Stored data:
locale sqp_setting = smooth_problem X f g c J Lg \<gamma>
  for X :: "(real^'n) set" and f g and c :: "real^'n \<Rightarrow> real^'m" and J Lg \<gamma> +
  fixes H :: "nat \<Rightarrow> real^'n^'n" and x d :: "nat \<Rightarrow> real^'n" and y :: "nat \<Rightarrow> real^'m"
    and \<tau> \<alpha> :: "nat \<Rightarrow> real" and \<tau>init \<epsilon> \<sigma> \<eta> :: real
    and Bg Bc \<kappa>J \<kappa>H \<zeta> :: real
  assumes params: "0 < \<tau>init" "0 < \<epsilon>" "\<epsilon> < 1" "0 < \<sigma>" "\<sigma> < 1" "0 < \<eta>" "\<eta> < 1"
    and iterates_in_X: "\<And>k. x k \<in> X"
    and f_bdd_below: "bdd_below (f ` X)"
    and g_bounded: "\<And>z. z \<in> X \<Longrightarrow> norm (g z) \<le> Bg"
    and c_bounded: "\<And>z. z \<in> X \<Longrightarrow> norm (c z) \<le> Bc"
    and J_sing_vals: "0 < \<kappa>J" "\<And>z. z \<in> X \<Longrightarrow> sing_vals_ge \<kappa>J (J z)"
    and H_bounded: "\<And>k. onorm (\<lambda>v. H k *v v) \<le> \<kappa>H"
    and H_curvature: "0 < \<zeta>" "\<And>k u. J (x k) *v u = 0 \<Longrightarrow> \<zeta> * (norm u)\<^sup>2 \<le> u \<bullet> (H k *v u)"
    and common: "sqp_common g c J H x d y \<tau> \<alpha> \<tau>init \<epsilon> \<sigma>"
begin

abbreviation "model_reduction k \<equiv> model_red c (x k) (\<tau> k) (g (x k)) (H k) (d k)"

abbreviation "sufficient_decrease k t \<equiv> suff_dec f c \<eta> (\<tau> k) (x k) (g (x k)) (H k) (d k) t"

lemma
  shows stationarity: "H k *v d k + transpose (J (x k)) *v y k = - g (x k)"
    and feasibility: "J (x k) *v d k = - c (x k)"
    and not_stationary: "\<not> (g (x k) + transpose (J (x k)) *v y k = 0 \<and> c (x k) = 0)"
    and tau_recursion: "\<tau> k = tau_update \<epsilon> \<sigma> (if k = 0 then \<tau>init else \<tau> (k - 1))
                          (l1norm (c (x k))) (g (x k) \<bullet> d k) (d k \<bullet> (H k *v d k))"
    and iterate_Suc: "x (Suc k) = x k + \<alpha> k *\<^sub>R d k"
  using common unfolding sqp_common_def by blast+

lemma step_nonzero: "d k \<noteq> 0"
  using not_stationary[of k] stationarity[of k] feasibility[of k] by auto

lemma Bc_nonneg: "0 \<le> Bc"
  using c_bounded[OF iterates_in_X[of 0]] by (meson norm_ge_zero order_trans)

lemma \<kappa>H_nonneg: "0 \<le> \<kappa>H"
  using onorm_pos_le[OF matrix_vector_mul_bounded_linear] H_bounded by (rule order_trans)

lemmas newton_bounds = newton_step_bounds[OF J_sing_vals(1) J_sing_vals(2)[OF iterates_in_X]
    H_bounded H_curvature stationarity feasibility]

lemma normal_component_sq_le: "(norm (c (x k)) / \<kappa>J)\<^sup>2 \<le> Bc / \<kappa>J\<^sup>2 * norm (c (x k))"
proof -
  have "(norm (c (x k)) / \<kappa>J)\<^sup>2 = norm (c (x k)) * norm (c (x k)) / \<kappa>J\<^sup>2"
    by (simp add: power_divide power2_eq_square)
  also have "\<dots> \<le> Bc * norm (c (x k)) / \<kappa>J\<^sup>2"
    using c_bounded[OF iterates_in_X[of k]] by (intro divide_right_mono mult_right_mono) auto
  finally show ?thesis
    by simp
qed

lemma step_bounded: "norm (d k) \<le> (Bg + (\<kappa>H + \<zeta>) * (Bc / \<kappa>J)) / \<zeta>"
proof -
  have "(\<kappa>H + \<zeta>) * (norm (c (x k)) / \<kappa>J) \<le> (\<kappa>H + \<zeta>) * (Bc / \<kappa>J)"
    using \<kappa>H_nonneg H_curvature(1) J_sing_vals(1) c_bounded[OF iterates_in_X[of k]]
    by (intro mult_left_mono divide_right_mono) auto
  then have "\<zeta> * norm (d k) \<le> Bg + (\<kappa>H + \<zeta>) * (Bc / \<kappa>J)"
    using newton_bounds(1)[of k] g_bounded[OF iterates_in_X[of k]] by linarith
  then show ?thesis
    using H_curvature(1) by (simp add: pos_le_divide_eq mult.commute)
qed

lemma multiplier_bounded:
  obtains B where "\<And>k. norm (y k) \<le> B"
proof
  define Bd where "Bd = (Bg + (\<kappa>H + \<zeta>) * (Bc / \<kappa>J)) / \<zeta>"
  fix k
  have "\<kappa>J * norm (y k) \<le> norm (transpose (J (x k)) *v y k)"
    using J_sing_vals(2)[OF iterates_in_X] unfolding sing_vals_ge_def by blast
  also have "\<dots> = norm (- g (x k) - H k *v d k)"
    using stationarity[of k] by (metis add_diff_cancel_left')
  also have "\<dots> \<le> Bg + \<kappa>H * Bd"
    using norm_triangle_ineq4[of "- g (x k)" "H k *v d k"] norm_minus_cancel[of "g (x k)"] g_bounded[OF iterates_in_X[of k]]
      norm_matrix_vector_le[OF H_bounded, of k "d k"] mult_left_mono[OF step_bounded[of k] \<kappa>H_nonneg]
    unfolding Bd_def by linarith
  finally show "norm (y k) \<le> (Bg + \<kappa>H * Bd) / \<kappa>J"
    using J_sing_vals(1) by (simp add: field_simps)
qed

lemma curvature_bounded_below:
  obtains C where "0 \<le> C" "\<And>k. - (d k \<bullet> (H k *v d k)) \<le> C * norm (c (x k))"
proof
  show "0 \<le> (\<kappa>H\<^sup>2 / \<zeta> + \<kappa>H) * (Bc / \<kappa>J\<^sup>2)"
    using \<kappa>H_nonneg H_curvature(1) Bc_nonneg by simp
  show "- (d k \<bullet> (H k *v d k)) \<le> (\<kappa>H\<^sup>2 / \<zeta> + \<kappa>H) * (Bc / \<kappa>J\<^sup>2) * norm (c (x k))" for k
    using newton_bounds(2)[of k] mult_left_mono[OF normal_component_sq_le[of k], of "\<kappa>H\<^sup>2 / \<zeta> + \<kappa>H"]
      \<kappa>H_nonneg H_curvature(1) by (simp add: mult.assoc)
qed

lemma step_sq_bound:
  obtains C where "0 \<le> C"
    "\<And>k. (norm (d k))\<^sup>2 \<le> 4 / \<zeta> * max (d k \<bullet> (H k *v d k)) 0 + C * norm (c (x k))"
proof
  define C0 where "C0 = 4 / \<zeta> * (2 * \<kappa>H\<^sup>2 / \<zeta> + \<kappa>H) + 2"
  have "0 \<le> C0"
    using \<kappa>H_nonneg H_curvature(1) by (simp add: C0_def)
  then show "0 \<le> C0 * (Bc / \<kappa>J\<^sup>2)"
    using Bc_nonneg by simp
  show "(norm (d k))\<^sup>2 \<le> 4 / \<zeta> * max (d k \<bullet> (H k *v d k)) 0 + C0 * (Bc / \<kappa>J\<^sup>2) * norm (c (x k))"
    for k
    using newton_bounds(3)[of k] mult_left_mono[OF normal_component_sq_le[of k] \<open>0 \<le> C0\<close>]
    unfolding C0_def by (simp add: mult.assoc)
qed

lemma inner_gradient_step: "g (x k) \<bullet> d k = y k \<bullet> c (x k) - d k \<bullet> (H k *v d k)"
proof -
  have "(H k *v d k) \<bullet> d k + (transpose (J (x k)) *v y k) \<bullet> d k = - (g (x k) \<bullet> d k)"
    using arg_cong[OF stationarity[of k], of "\<lambda>v. v \<bullet> d k"]
    by (simp only: inner_add_left inner_minus_left)
  moreover have "(transpose (J (x k)) *v y k) \<bullet> d k = - (y k \<bullet> c (x k))"
    by (simp only: inner_transpose_mult feasibility inner_minus_right)
  ultimately show ?thesis
    using inner_commute[of "H k *v d k" "d k"] by linarith
qed

lemma tau_denominator_bounded:
  obtains C where "0 < C"
    "\<And>k. g (x k) \<bullet> d k + max (d k \<bullet> (H k *v d k)) 0 \<le> C * l1norm (c (x k))"
proof -
  obtain By where By: "\<And>k. norm (y k) \<le> By"
    using multiplier_bounded by blast
  obtain Cn where Cn: "0 \<le> Cn" "\<And>k. - (d k \<bullet> (H k *v d k)) \<le> Cn * norm (c (x k))"
    using curvature_bounded_below by blast
  have "0 \<le> By"
    using By[of 0] norm_ge_zero order_trans by blast
  then have "0 < By + Cn + 1"
    using Cn(1) by simp
  moreover have "g (x k) \<bullet> d k + max (d k \<bullet> (H k *v d k)) 0 \<le> (By + Cn + 1) * l1norm (c (x k))"
    for k
  proof -
    have "y k \<bullet> c (x k) \<le> By * norm (c (x k))"
      using norm_cauchy_schwarz[of "y k" "c (x k)"] mult_right_mono[OF By[of k] norm_ge_zero[of "c (x k)"]]
      by linarith
    moreover have "0 \<le> Cn * norm (c (x k))"
      using Cn(1) by simp
    ultimately have "g (x k) \<bullet> d k + max (d k \<bullet> (H k *v d k)) 0 \<le> (By + Cn) * norm (c (x k))"
      using Cn(2)[of k] inner_gradient_step[of k] by (simp add: max_def distrib_right)
    also have "\<dots> \<le> (By + Cn + 1) * l1norm (c (x k))"
      using norm_le_l1norm[of "c (x k)"] l1norm_nonneg[of "c (x k)"] \<open>0 \<le> By\<close> Cn(1)
      by (intro mult_mono) auto
    finally show ?thesis .
  qed
  ultimately show thesis
    by (rule that)
qed

lemma tau_le_prev: "\<tau> k \<le> (if k = 0 then \<tau>init else \<tau> (k - 1))"
  using params by (subst tau_recursion) (simp add: tau_update_le l1norm_nonneg)

lemma tau_decreasing: "\<tau> (Suc k) \<le> \<tau> k"
  using tau_le_prev[of "Suc k"] by simp

lemma tau_le_init: "\<tau> k \<le> \<tau>init"
proof (induction k)
  case 0
  show ?case
    using tau_le_prev[of 0] by simp
next
  case (Suc k)
  then show ?case
    using tau_decreasing[of k] by linarith
qed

Exercise requirements: Nothing but the lines from the start of the data through the line holding "Lg \<gamma> +" should be restated, and each one exactly.

Result of this exercise:
locale sqp_setting = smooth_problem X f g c J Lg \<gamma>
  for X :: "(real^'n) set" and f g and c :: "real^'n \<Rightarrow> real^'m" and J Lg \<gamma> +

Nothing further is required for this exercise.